I love my ketogenic diet and my blood sugar is superbly controlled, but there are times when I really miss bread.  Not just the flavor of bread, although the flavor of a really good sourdough bread is unbeatable. For that, there is no substitute. But there are times when what I really crave is the ease and convenience of bread, and the way it  pads out a meal and pulls it together.  In this case what I miss is not really the flavor of bread but its use as a “landing” for all kinds of other foods.  I have a few ways to fill in without adding too many carbohydrates, and one of my favorites is zucchini flatbread.

In addition to a couple of good sized zucchini or about a foot of serpiente squash,  you will need two eggs, a cup of grated mozzarella (the semi soft processed kind, not true fresh mozzarella for this purpose,)  half a cup of grated Parmesan, seasoning of your choice, and about a half cup of low-carb baking mix.  The best mix that I have found is the one from Trim Healthy Mama,  which is extremely expensive but does work well.
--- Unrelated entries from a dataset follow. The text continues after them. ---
(* There is an absolute constant $C>0$ such that the following holds. Let $A$ be an $n\times n$ random matrix with i.i.d. entries $A_{ij}$ satisfying $\mathbb{E}A_{ij}=0$, $\mathbb{E}A_{ij}^2\le1$ and $|A_{ij}|\le \sqrt n/2$ almost surely. Let $\varepsilon\in(0,1/2]$. Then with probability at least $1-\exp(-\varepsilon n)$ there exists $J\subset[n]$ with $|J|\le\varepsilon n$ such that $$\|A_{J^c}\|_{2\to\infty}\le C\sqrt{\ln(\varepsilon^{-1})}\,\sqrt n.$$
   Context: For an $n\times n$ matrix $B$ and a set $S\subset[n]$ of column indices, $B_S$ denotes the matrix obtained from $B$ by replacing by zero all entries in the columns with indices not in $S$ (so $B_{J^c}$ is $B$ with the columns indexed by $J$ zeroed out). $\|B\|_{2\to\infty}=\max_{x\neq0}\|Bx\|_\infty/\|x\|_2$, which equals the maximum Euclidean norm of a row of $B$. *)

theory Defs
  imports "HOL-Probability.Probability"
begin

text \<open>An n x n real matrix is represented as a function on index pairs (i,j), i,j < n
  (indices [n] = {0..<n}).  B_S zeroes out all columns with index not in S.\<close>
definition col_restrict :: "nat set \<Rightarrow> (nat \<times> nat \<Rightarrow> real) \<Rightarrow> (nat \<times> nat \<Rightarrow> real)" where
  "col_restrict S B = (\<lambda>(i,j). if j \<in> S then B (i,j) else 0)"

text \<open>The 2-to-infinity norm of an n x n matrix: the maximum Euclidean norm of a row
  (inserting 0 only matters for n = 0, since row norms are nonnegative).\<close>
definition norm_2inf :: "nat \<Rightarrow> (nat \<times> nat \<Rightarrow> real) \<Rightarrow> real" where
  "norm_2inf n B = Max (insert 0 ((\<lambda>i. sqrt (\<Sum>j<n. (B (i,j))\<^sup>2)) ` {..<n}))"

end

theory Submission
  imports Defs
begin

text \<open>Split the entries by size into dyadic shells \<open>c/2^(k+1) < x\<^sup>2 \<le> c/2^k\<close>, \<open>c = n/4\<close>;
  by the second moment bound, shell \<open>k\<close> has probability \<open>p\<^sub>k\<close> with \<open>\<Sum>\<^sub>k c p\<^sub>k / 2^(k+1) \<le> 1\<close>.
  Choose thresholds \<open>M\<^sub>k\<close> growing geometrically in \<open>k\<close> and large compared with \<open>n p\<^sub>k\<close>, and
  remove every column carrying an entry of shell \<open>k\<close> in a row that has at least \<open>M\<^sub>k\<close>
  entries in shell \<open>k\<close>. What remains of a row has squared norm at most
  \<open>n + \<Sum>\<^sub>k (M\<^sub>k - 1) c/2^k = O(n ln(1/\<epsilon>))\<close>. More than \<open>\<epsilon>n\<close> columns are removed only if some
  pattern of such heavy (row, shell) column sets of total size \<open>> \<epsilon>n\<close> occurs; by independence
  each pattern has probability \<open>\<Prod> p\<^sub>k^|g(i,k)|\<close>, and an exponential tilt bounds the sum over all
  patterns by \<open>exp(-\<epsilon>n)\<close>.\<close>

lemma sum_Pow_power_card:
  fixes z :: "'a::comm_semiring_1"
  assumes "finite A"
  shows "(\<Sum>S\<in>Pow A. z ^ card S) = (1 + z) ^ card A"
  using prod_add[OF assms, of "\<lambda>_. z" "\<lambda>_. 1"] by (simp add: add.commute)

lemma sum_Pow_large_card_power_le:
  fixes x :: real
  assumes A: "finite A" and x: "0 \<le> x" and M: "0 < M" and small: "real (card A) * x \<le> real M"
  shows "(\<Sum>S\<in>{S\<in>Pow A. M \<le> card S}. x ^ card S) \<le> (exp 1 * real (card A) * x / real M) ^ M"
proof (cases "real (card A) * x = 0")
  case True
  have "x ^ card S = 0" if "S \<in> Pow A" "M \<le> card S" for S
  proof -
    have "0 < card S" using that M by linarith
    then have "A \<noteq> {}" using that by auto
    then show ?thesis using True A \<open>0 < card S\<close> by simp
  qed
  then have "(\<Sum>S\<in>{S\<in>Pow A. M \<le> card S}. x ^ card S) = 0"
    by (intro sum.neutral) auto
  then show ?thesis using M by (simp add: True mult.assoc)
next
  case False
  then have y: "0 < real (card A) * x" using x by simp
  \<comment> \<open>Chernoff's trick: each term with \<open>M \<le> |S|\<close> grows by \<open>t^(|S| - M) \<ge> 1\<close>.\<close>
  define t where "t = real M / (real (card A) * x)"
  have t1: "1 \<le> t" using small y by (simp add: t_def)
  have power_le: "x ^ card S \<le> (t * x) ^ card S / t ^ M" if "M \<le> card S" for S :: "'a set"
  proof -
    have "t ^ M \<le> t ^ card S" using that t1 by (simp add: power_increasing)
    then have "x ^ card S * t ^ M \<le> x ^ card S * t ^ card S" using x by (simp add: mult_left_mono)
    then show ?thesis using t1 by (simp add: field_simps power_mult_distrib)
  qed
  have "(\<Sum>S\<in>{S\<in>Pow A. M \<le> card S}. x ^ card S) \<le> (\<Sum>S\<in>{S\<in>Pow A. M \<le> card S}. (t * x) ^ card S / t ^ M)"
    by (intro sum_mono power_le) simp
  also have "\<dots> \<le> (\<Sum>S\<in>Pow A. (t * x) ^ card S / t ^ M)"
    using A t1 x by (intro sum_mono2) auto
  also have "\<dots> = (1 + t * x) ^ card A / t ^ M"
    using A by (simp add: sum_divide_distrib[symmetric] sum_Pow_power_card)
  also have "\<dots> \<le> exp (t * x) ^ card A / t ^ M"
    using t1 x by (intro divide_right_mono power_mono) (auto simp: add.commute)
  also have "exp (t * x) ^ card A = exp (real M)"
  proof -
    have "t * (real (card A) * x) = real M" using False by (simp add: t_def)
    then have "real (card A) * (t * x) = real M" by (simp add: ac_simps)
    then show ?thesis by (metis exp_of_nat_mult)
  qed
  also have "exp (real M) / t ^ M = (exp 1 * real (card A) * x / real M) ^ M"
    using y M by (simp add: t_def exp_of_nat_mult[symmetric] power_divide field_simps)
  finally show ?thesis .
qed

lemma sum_Pow_empty_or_large_card_power_le:
  fixes x :: real
  assumes A: "finite A" and x: "0 \<le> x" and M: "0 < M"
    and small: "exp 1 * (real (card A) * x) \<le> exp (-1) * real M"
  shows "(\<Sum>S\<in>Pow A. if S = {} \<or> M \<le> card S then x ^ card S else 0) \<le> 1 + exp (- real M)"
proof -
  have ratio: "exp 1 * real (card A) * x / real M \<le> exp (-1)"
    using small M by (simp add: divide_le_eq mult.assoc)
  have "(\<Sum>S\<in>Pow A. if S = {} \<or> M \<le> card S then x ^ card S else 0)
      = (\<Sum>S\<in>{S\<in>Pow A. S = {} \<or> M \<le> card S}. x ^ card S)"
    by (rule sum.inter_filter[symmetric]) (simp add: A)
  also have "{S\<in>Pow A. S = {} \<or> M \<le> card S} = insert {} {S\<in>Pow A. M \<le> card S}"
    by auto
  also have "(\<Sum>S\<in>insert {} {S\<in>Pow A. M \<le> card S}. x ^ card S)
      = 1 + (\<Sum>S\<in>{S\<in>Pow A. M \<le> card S}. x ^ card S)"
    using A M by (subst sum.insert) auto
  also have "(\<Sum>S\<in>{S\<in>Pow A. M \<le> card S}. x ^ card S) \<le> exp (-1) ^ M"
  proof -
    have "real (card A) * x \<le> exp 1 * (real (card A) * x)"
      using x by (simp add: mult_le_cancel_right1 not_less)
    also have "\<dots> \<le> exp (-1) * real M" by (rule small)
    also have "\<dots> \<le> real M" by (rule mult_left_le_one_le) auto
    finally have "real (card A) * x \<le> real M" .
    then have "(\<Sum>S\<in>{S\<in>Pow A. M \<le> card S}. x ^ card S) \<le> (exp 1 * real (card A) * x / real M) ^ M"
      by (rule sum_Pow_large_card_power_le[OF A x M])
    also have "\<dots> \<le> exp (-1) ^ M"
      using ratio x by (intro power_mono) auto
    finally show ?thesis .
  qed
  also have "exp (-1) ^ M = exp (- real M)"
    by (simp add: exp_of_nat_mult[symmetric])
  finally show ?thesis by simp
qed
First, grate the squash and mix in about a tablespoon of salt.  Let it sit for half an hour. At this point, the shreds of squash will be swimming in liquid.  Over the sink, wrap the squash in cheesecloth or a thin dishtowel and start squeezing out liquid.  Keep squeezing and wringing, until you are left with about a cup of pulpy squash shreds.  Put these in a bowl and beat in the two eggs with a fork.  Mix in the shredded mozzarella and Parmesan.  Add a half teaspoon of salt (most of the salt that you used for disgorging the squash disappeared with the excess water) and seasoning of your choice. I like some fresh thyme leaves and a pinch of granulated garlic. For some reason fresh garlic doesn’t work well in this recipe. Add in a half cup of low-carb baking mix and half a teaspoon of baking powder and beat until evenly incorporated.
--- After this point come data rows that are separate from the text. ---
lemma adx_pow_weighted_shift:
  fixes w :: "nat \<Rightarrow> 'k::field"
  assumes "l \<le> p"
    and roots: "\<And>s. s < p - l \<or> n < s \<and> s \<le> n + (p - l) \<Longrightarrow> w s = 0"
    and fdiff_w: "\<And>j. (fdiff ^^ p) w j = (-1) ^ p"
  shows "(adx n ^^ p) (weighted_shift n (p - l) w) = M n (monom 1 l)"
proof (rule EndO_eqI[OF adx_pow_EndO[OF weighted_shift_EndO] M_EndO])
  fix i j
  assume "i \<le> n" "j \<le> n"
  let ?d = "weighted_shift n (p - l) w"
  have rhs: "entry (M n (monom 1 l)) i j = (if i = j + l then 1 else 0)"
    using \<open>i \<le> n\<close> \<open>j \<le> n\<close> by (simp add: entry_M coeff_monom_mult coeff_monom)
  show "entry ((adx n ^^ p) ?d) i j = entry (M n (monom 1 l)) i j"
  proof (cases "i \<le> j + p")
    case True
    define m where "m = j + p - i"
    have lhs: "entry ((adx n ^^ p) ?d) i j = (-1) ^ p * (fdiff ^^ p) (superdiag ?d m) j"
      using True \<open>i \<le> n\<close> by (intro entry_adx_pow weighted_shift_EndO) (simp_all add: m_def)
    show ?thesis
    proof (cases "m = p - l")
      case True
      have "superdiag ?d m s = w s" if "s \<le> n + m" for s
        using roots[of s] that True by (auto simp: superdiag_def entry_weighted_shift)
      then have "(fdiff ^^ p) (superdiag ?d m) j = (fdiff ^^ p) w j"
        using \<open>i \<le> n\<close> \<open>i \<le> j + p\<close> by (intro fdiff_pow_cong) (simp add: m_def)
      moreover have "i = j + l"
        using True \<open>l \<le> p\<close> \<open>i \<le> j + p\<close> by (simp add: m_def)
      ultimately show ?thesis
        using lhs rhs by (simp add: fdiff_w flip: power_add)
    next
      case False
      then have "superdiag ?d m = (\<lambda>_. 0)"
        by (intro ext) (auto simp: superdiag_def entry_weighted_shift)
      moreover have "i \<noteq> j + l"
        using False \<open>l \<le> p\<close> by (auto simp: m_def)
      ultimately show ?thesis
        using lhs rhs by (simp add: fdiff_pow_eq_0)
    qed
  next
    case False
    then have "entry ((adx n ^^ p) ?d) i j = 0"
      by (intro entry_adx_pow_below[where t = 0] weighted_shift_EndO)
        (auto simp: entry_weighted_shift)
    then show ?thesis
      using rhs False \<open>l \<le> p\<close> by simp
  qed
qed

lemma exists_poly_roots_coeff:
  fixes R :: "'a::idom set"
  assumes "finite R" "card R \<le> p"
  obtains Q where "degree Q \<le> p" "coeff Q p = c" "\<And>x. x \<in> R \<Longrightarrow> poly Q x = 0"
proof
  define P where "P = monom 1 (p - card R) * (\<Prod>x\<in>R. [:- x, 1:])"
  have "(\<Prod>x\<in>R. [:- x, 1:]) \<noteq> 0"
    using assms(1) by simp
  then have "degree P = p"
    using assms by (simp add: P_def degree_mult_eq degree_monom_eq degree_prod_sum_eq)
  moreover have "lead_coeff P = 1"
    unfolding P_def lead_coeff_mult lead_coeff_prod by (simp add: degree_monom_eq)
  ultimately show "degree (smult c P) \<le> p" "coeff (smult c P) p = c"
    by simp_all
  show "poly (smult c P) x = 0" if "x \<in> R" for x
    using that assms(1) by (simp add: P_def poly_prod)
qed

lemma exists_adx_pow_eq_M_monom:
  assumes "l \<le> p" "p \<le> 2 * l"
  obtains d :: "'k::field_char_0 poly \<Rightarrow> 'k poly"
  where "d \<in> EndO n" "(adx n ^^ p) d = M n (monom 1 l)"
proof -
  let ?m = "p - l"
  let ?R = "of_nat ` ({..<?m} \<union> {n<..n + ?m}) :: 'k set"
  have "card ?R \<le> card ({..<?m} \<union> {n<..n + ?m})"
    by (rule card_image_le) simp
  also have "\<dots> \<le> card {..<?m} + card {n<..n + ?m}"
    by (rule card_Un_le)
  finally have "card ?R \<le> p"
    using assms by simp
  then obtain Q :: "'k poly"
    where Q: "degree Q \<le> p" "coeff Q p = (-1) ^ p / fact p" "\<And>x. x \<in> ?R \<Longrightarrow> poly Q x = 0"
    using exists_poly_roots_coeff[of ?R p] by blast
  define w where "w s = poly Q (of_nat s)" for s
  have "(fdiff ^^ p) w j = (-1) ^ p" for j
    using fdiff_pow_poly[OF Q(1), of j] Q(2) by (simp add: w_def[abs_def])
  moreover have "w s = 0" if "s < ?m \<or> n < s \<and> s \<le> n + ?m" for s
    using Q(3)[of "of_nat s"] that by (auto simp: w_def)
  ultimately have "(adx n ^^ p) (weighted_shift n ?m w) = M n (monom 1 l)"
    using assms(1) by (intro adx_pow_weighted_shift) auto
  then show ?thesis
    by (rule that[OF weighted_shift_EndO])
qed

lemma EndO_comp:
  assumes "a \<in> EndO n" "b \<in> EndO n"
  shows "a \<circ> b \<in> EndO n"
  unfolding EndO_def[of n] mem_Collect_eq using assms
  by (auto simp: EndO_add EndO_smult EndO_On EndO_zero EndO_out)

lemma adx_M_comp: "e \<in> EndO n \<Longrightarrow> adx n (M n h \<circ> e) = M n h \<circ> adx n e"
  by (rule ext)
    (simp add: adx_def comm_def EndO_diff[OF M_EndO] M_On EndO_On M_commute[of n "[:0, 1:]" h])

lemma adx_pow_M_comp:
  "e \<in> EndO n \<Longrightarrow> (adx n ^^ k) (M n h \<circ> e) = M n h \<circ> (adx n ^^ k) e"
  by (induction k) (simp_all add: adx_M_comp adx_pow_EndO)

lemma M_mulO: "M n (mulO n f g) = M n (f * g)"
  by (rule ext) (simp add: M_def mulO_def mod_simps)

lemma adx_M: "adx n (M n g) = (\<lambda>_. 0)"
  by (rule ext) (simp add: adx_def comm_def M_commute)

lemma idealO_subset_adx_image:
  assumes "l \<le> p" "p \<le> 2 * l"
  shows "idealO n l \<subseteq> (adx_image n p :: 'k::field_char_0 poly set)"
proof
  fix g :: "'k poly"
  assume "g \<in> idealO n l"
  then obtain h where g: "g = mulO n (monom 1 l) h"
    by (auto simp: idealO_def)
  obtain d :: "'k poly \<Rightarrow> 'k poly" where d: "d \<in> EndO n" "(adx n ^^ p) d = M n (monom 1 l)"
    using exists_adx_pow_eq_M_monom[OF assms] .
  have "(adx n ^^ p) (M n h \<circ> d) = M n h \<circ> M n (monom 1 l)"
    using d by (simp add: adx_pow_M_comp)
  also have "\<dots> = M n g"
    by (simp add: fun_eq_iff g M_mulO M_mult mult.commute)
  finally have image: "(adx n ^^ p) (M n h \<circ> d) = M n g" .
  then have "(adx n ^^ Suc p) (M n h \<circ> d) = (\<lambda>_. 0)"
    by (simp add: adx_M)
  moreover have "M n h \<circ> d \<in> EndO n"
    by (rule EndO_comp[OF M_EndO d(1)])
  ultimately have "M n h \<circ> d \<in> Dp n p"
    by (simp add: Dp_eq)
  moreover have "g \<in> On n"
    by (simp add: g mulO_On)
  ultimately show "g \<in> adx_image n p"
    using image unfolding adx_image_def by blast
qed

lemma adx_image_eq_idealO:
  "Suc p div 2 \<le> n \<Longrightarrow> adx_image n p = (idealO n (Suc p div 2) :: 'k::field_char_0 poly set)"
  by (intro equalityI adx_image_subset_idealO idealO_subset_adx_image) auto

lemma vexp_eq_Suc_div_2:
  "Suc p div 2 \<le> n \<Longrightarrow> vexp TYPE('k::field_char_0) n p = Suc p div 2"
  by (intro vexp_eqI adx_image_eq_idealO)

theorem lemma7:
  fixes n :: nat
  assumes "n > 0"
  shows "\<forall>l \<in> {1..n}. vexp TYPE('k::field_char_0) n (2 * l - 1) = l
                      \<and> vexp TYPE('k) n (2 * l) = l"
proof
  fix l
  assume l: "l \<in> {1..n}"
  then have "Suc (2 * l - 1) div 2 = l" "Suc (2 * l) div 2 = l"
    by auto
  then show "vexp TYPE('k) n (2 * l - 1) = l \<and> vexp TYPE('k) n (2 * l) = l"
    using l vexp_eq_Suc_div_2[of "2 * l - 1" n] vexp_eq_Suc_div_2[of "2 * l" n] by auto
qed

end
Preheat the oven to 425. Now line a baking sheet with parchment paper, oil your hands with olive oil, and begin pressing out the mixture into a thin even oblong.  Generally I aim for something a little less than a quarter inch thick, but if you plan to use it for breadsticks or a pizza crust you may want it a little bit thicker.  Make sure that there are no holes. The dough is lumpy and you will have to keep patting it down with the flat of your hands.
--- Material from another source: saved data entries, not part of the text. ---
lemma is_lift_near_identity:
  fixes f :: "complex \<Rightarrow> complex" and K :: real
  assumes lift: "is_lift F f" and K: "0 < K" "\<And>z. norm (f z - z) \<le> K"
  obtains c where "exp c = 1"
    "\<And>w. ln (2 * K) < Re w \<Longrightarrow> norm (F w - c - w) \<le> 2 * K / exp (Re w)"
proof -
  define S where "S = {w. ln (2 * K) < Re w}"
  define u where "u w = f (exp w) / exp w" for w
  have u_close: "norm (u w - 1) \<le> K / exp (Re w)" for w
  proof -
    have "u w - 1 = (f (exp w) - exp w) / exp w" unfolding u_def by (simp add: field_simps)
    then show ?thesis using K(2)[of "exp w"] by (simp add: norm_divide divide_right_mono)
  qed
  have u_half: "norm (u w - 1) < 1/2" if "w \<in> S" for w
  proof -
    have "exp (ln (2 * K)) < exp (Re w)" using that unfolding S_def by simp
    then have "K / exp (Re w) < K / exp (ln (2 * K))"
      using K(1) by (intro divide_strict_left_mono) auto
    moreover have "K / exp (ln (2 * K)) = 1/2" using K(1) by simp
    ultimately show ?thesis using u_close[of w] by linarith
  qed
  have u_slit: "u w \<notin> \<real>\<^sub>\<le>\<^sub>0" if "w \<in> S" for w
    using u_half[OF that] by (intro norm_minus_one_less_imp_notin_nonpos_Reals) simp
  \<comment> \<open>On S both F and the principal branch w + Ln (u w) are logarithms of f (exp w).\<close>
  have exp_branch_diff: "exp (F w - w - Ln (u w)) = 1" if "w \<in> S" for w
  proof -
    have "exp (Ln (u w)) = u w" using u_slit[OF that] by (metis exp_Ln nonpos_Reals_zero_I)
    moreover have "f (exp w) = exp (F w)" using lift by (simp add: is_lift_def)
    ultimately show ?thesis by (simp add: exp_diff u_def)
  qed
  have "(\<lambda>w. F w - w - Ln (u w)) constant_on S"
  proof (rule exp_eq_1_imp_constant_on[OF _ _ exp_branch_diff])
    show "connected S" unfolding S_def by (simp add: convex_connected convex_halfspace_Re_gt)
    have contF: "continuous_on UNIV F" using lift by (simp add: is_lift_def)
    moreover have "f (exp w) = exp (F w)" for w using lift by (simp add: is_lift_def)
    ultimately have "continuous_on S (\<lambda>w. f (exp w))" "continuous_on S F"
      by (auto intro: continuous_on_exp continuous_on_subset)
    then show "continuous_on S (\<lambda>w. F w - w - Ln (u w))"
      using u_slit unfolding u_def by (intro continuous_intros) auto
  qed
  then obtain c where c: "\<And>w. w \<in> S \<Longrightarrow> F w - w - Ln (u w) = c"
    unfolding constant_on_def by blast
  show ?thesis
  proof
    have "of_real (ln (2 * K) + 1) \<in> S" unfolding S_def by simp
    then show "exp c = 1" using c exp_branch_diff by metis
    fix w assume "ln (2 * K) < Re w"
    then have w: "w \<in> S" unfolding S_def by simp
    then have "norm (u w - 1) \<le> 1/2" using u_half by fastforce
    then have "norm (Ln (u w)) \<le> 2 * norm (u w - 1)" using norm_Ln_add_one_le[of "u w - 1"] by simp
    moreover have "F w - c - w = Ln (u w)" using c[OF w] by (simp add: algebra_simps)
    ultimately show "norm (F w - c - w) \<le> 2 * K / exp (Re w)" using u_close[of w] by simp
  qed
qed

lemma exists_lift_tendsto_identity:
  fixes f :: "complex \<Rightarrow> complex"
  assumes "continuous_on UNIV f" and "\<And>z. z \<noteq> 0 \<Longrightarrow> f z \<noteq> 0"
    and "0 < K" and "\<And>z. norm (f z - z) \<le> K"
  obtains F where "is_lift F f" "\<And>\<delta>. 0 < \<delta> \<Longrightarrow> \<exists>R. \<forall>w. R < Re w \<longrightarrow> norm (F w - w) \<le> \<delta>"
proof -
  obtain F where lift: "is_lift F f" using exists_lift assms(1,2) by blast
  obtain c where "exp c = 1"
    and near: "\<And>w. ln (2 * K) < Re w \<Longrightarrow> norm (F w - c - w) \<le> 2 * K / exp (Re w)"
    using is_lift_near_identity[OF lift assms(3,4)] by blast
  show ?thesis
  proof
    show "is_lift (\<lambda>w. F w - c) f"
      using lift \<open>exp c = 1\<close> by (simp add: is_lift_def continuous_on_diff exp_diff)
    fix \<delta> :: real assume "0 < \<delta>"
    show "\<exists>R. \<forall>w. R < Re w \<longrightarrow> norm (F w - c - w) \<le> \<delta>"
    proof (intro exI allI impI)
      fix w assume w: "max (ln (2 * K)) (ln (2 * K / \<delta>)) < Re w"
      then have "norm (F w - c - w) \<le> 2 * K / exp (Re w)" by (intro near) simp
      also have "\<dots> \<le> 2 * K / exp (ln (2 * K / \<delta>))"
        using w assms(3) by (intro divide_left_mono) auto
      also have "\<dots> = \<delta>" using assms(3) \<open>0 < \<delta>\<close> by simp
      finally show "norm (F w - c - w) \<le> \<delta>" .
    qed
  qed
qed

lemma norm_funpow_minus_le:
  fixes F :: "complex \<Rightarrow> complex"
  assumes step: "\<And>w. R < Re w \<Longrightarrow> norm (F w - w) \<le> \<delta>" and "0 \<le> \<delta>"
    and "R + real j * \<delta> < Re w"
  shows "norm ((F ^^ j) w - w) \<le> real j * \<delta>"
  using assms(3)
proof (induction j)
  case 0
  show ?case by simp
next
  case (Suc j)
  have "R + real j * \<delta> < Re w" using Suc.prems \<open>0 \<le> \<delta>\<close> by (simp add: algebra_simps)
  then have IH: "norm ((F ^^ j) w - w) \<le> real j * \<delta>" by (rule Suc.IH)
  have "Re w - Re ((F ^^ j) w) \<le> norm ((F ^^ j) w - w)"
    using abs_Re_le_cmod[of "(F ^^ j) w - w"] by simp
  then have "R < Re ((F ^^ j) w)" using IH Suc.prems \<open>0 \<le> \<delta>\<close> by (simp add: algebra_simps)
  then have "norm (F ((F ^^ j) w) - (F ^^ j) w) \<le> \<delta>" by (rule step)
  then show ?case
    using IH norm_triangle_ineq[of "F ((F ^^ j) w) - (F ^^ j) w" "(F ^^ j) w - w"]
    by (simp add: algebra_simps)
qed

lemma conjugated_lift_eq_funpow:
  fixes F :: "complex \<Rightarrow> complex"
  assumes lift: "is_lift F f"
    and conj: "\<And>z. exp L * f (z / exp L) = (f ^^ n) z" and left: "Re L \<le> 0"
    and near_id: "\<And>\<delta>. 0 < \<delta> \<Longrightarrow> \<exists>R. \<forall>w. R < Re w \<longrightarrow> norm (F w - w) \<le> \<delta>"
  shows "F (w - L) + L = (F ^^ n) w"
proof -
  have "is_lift ((\<lambda>w. w + L) \<circ> F \<circ> (\<lambda>w. w + - L)) ((\<lambda>z. exp L * z) \<circ> f \<circ> (\<lambda>z. exp (- L) * z))"
    by (intro is_lift_comp is_lift_translation lift)
  moreover have "(\<lambda>z. exp L * f (z / exp L)) = f ^^ n" using conj by blast
  ultimately have "is_lift (\<lambda>w. F (w - L) + L) (f ^^ n)"
    by (simp add: comp_def exp_minus field_simps)
  then obtain c where "exp c = 1" and c: "\<And>w. F (w - L) + L = (F ^^ n) w + c"
    using is_lift_unique_up_to_deck[OF _ is_lift_funpow[OF lift]] by blast
  \<comment> \<open>Far to the right, c is a sum of n + 1 displacements of F, each at most \<delta>.\<close>
  define \<delta> :: real where "\<delta> = 1 / real (Suc n)"
  have "0 < \<delta>" unfolding \<delta>_def by simp
  then obtain R where R: "\<And>w. R < Re w \<Longrightarrow> norm (F w - w) \<le> \<delta>" using near_id by blast
  define w1 where "w1 = complex_of_real (R + real n * \<delta> + 1)"
  have "0 \<le> real n * \<delta>" using \<open>0 < \<delta>\<close> by simp
  have step: "norm (F (w1 - L) - (w1 - L)) \<le> \<delta>"
    using left \<open>0 \<le> real n * \<delta>\<close> by (intro R) (simp add: w1_def)
  have iter: "norm ((F ^^ n) w1 - w1) \<le> real n * \<delta>"
    using norm_funpow_minus_le[OF R, where j = n and w = w1] \<open>0 < \<delta>\<close> by (simp add: w1_def)
  have "c = (F (w1 - L) - (w1 - L)) - ((F ^^ n) w1 - w1)"
    using c[of w1] by (simp add: algebra_simps)
  then have "norm c \<le> norm (F (w1 - L) - (w1 - L)) + norm ((F ^^ n) w1 - w1)"
    by (metis norm_triangle_ineq4)
  also have "\<dots> \<le> real (Suc n) * \<delta>" using step iter by (simp add: algebra_simps)
  also have "\<dots> < 2 * pi" unfolding \<delta>_def using pi_gt3 by simp
  finally have "c = 0" using exp_eq_1_norm_less_2pi \<open>exp c = 1\<close> by blast
  then show ?thesis using c by simp
qed

theorem mainTheorem12:
  fixes f :: "complex \<Rightarrow> complex" and n :: nat and lam :: real
  assumes "n \<ge> 2"
    and "0 < lam" and "lam < 1"
    and "orientation_preserving_homeo f"
    and "\<exists>K>0. \<forall>p. norm (f p - p) \<le> K"
    and "f 0 = 0" and "\<forall>z. f z = z \<longrightarrow> z = 0"
    and "\<forall>z. of_real lam * f (z / of_real lam) = (f ^^ n) z"
  shows "\<exists>F H Hinv. is_lift F f \<and> is_lift H (\<lambda>z. of_real lam * z) \<and>
            homeomorphism UNIV UNIV H Hinv \<and>
            (\<forall>w. H (F (Hinv w)) = (F ^^ n) w)"
proof -
  obtain g where hom: "homeomorphism UNIV UNIV f g"
    using assms(4) unfolding orientation_preserving_homeo_def by blast
  have "g (f z) = z" for z using hom by (simp add: homeomorphism_def)
  then have nonzero: "f z \<noteq> 0" if "z \<noteq> 0" for z using that assms(6) by metis
  obtain K where "0 < K" "\<And>p. norm (f p - p) \<le> K" using assms(5) by blast
  then obtain F where lift: "is_lift F f"
    and near_id: "\<And>\<delta>. 0 < \<delta> \<Longrightarrow> \<exists>R. \<forall>w. R < Re w \<longrightarrow> norm (F w - w) \<le> \<delta>"
    using exists_lift_tendsto_identity[OF homeomorphism_cont1[OF hom] nonzero] by blast
  define L where "L = complex_of_real (ln lam)"
  have expL: "exp L = of_real lam" unfolding L_def using assms(2) by (simp add: exp_of_real)
  have commute: "F (w - L) + L = (F ^^ n) w" for w
  proof (rule conjugated_lift_eq_funpow[OF lift _ _ near_id])
    show "exp L * f (z / exp L) = (f ^^ n) z" for z using assms(8) expL by simp
    show "Re L \<le> 0" unfolding L_def using assms(2,3) by simp
  qed
  show ?thesis
  proof (intro exI conjI allI)
    show "is_lift (\<lambda>w. w + L) (\<lambda>z. of_real lam * z)"
      using is_lift_translation[of L] expL by simp
    show "homeomorphism UNIV UNIV (\<lambda>w. w + L) (\<lambda>w. w - L)"
      unfolding homeomorphism_def by (auto intro!: continuous_intros simp: image_iff)
    fix w show "F (w - L) + L = (F ^^ n) w" by (rule commute)
  qed (rule lift)
qed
Bake at 425 until done to the right degree for your purposes.  It has to be baked enough to hold together well, but if you want to use it as a wrap, you will have patted it out pretty thin and should bake it only until it is cooked through and will come off the parchment paper in one piece but is still flexible.  If you want to make sticks as shown above, it should be more crisp, and the same goes for a low-carb pizza crust.

Above, it’s just cooked through, browned on the bottom, and right for making wraps. To make the breadsticks shown above, once it is baked to the right degree, top with another half cup of shredded mozzarella  and some chopped roasted garlic.  Return to the oven and broil until the cheese is melted and a little bit browned.   It is good dipped into your favorite pizza sauce, preferably the kind that you make yourself.  Any kind of herb pesto or sour cream dip is also good.

To make an impromptu low-carb pizza, cook the flatbread until fairly crisp. Brush the top lightly with a thick flavorful pizza sauce, coat with shredded mozzarella, and top with pepperoni, sausage,  or what you will.  Return to a very hot oven and bake until the cheese melts.

It goes without saying that if you insist on the wonderful malt flavor of really good bread, you need to eat really good bread and there are no substitutes.  But having a few options like this one means that you can save the great bread for very special treats and keep your carb intake down the rest of the time.  This is also a good way to take in extra vegetable fiber, with all its health benefits.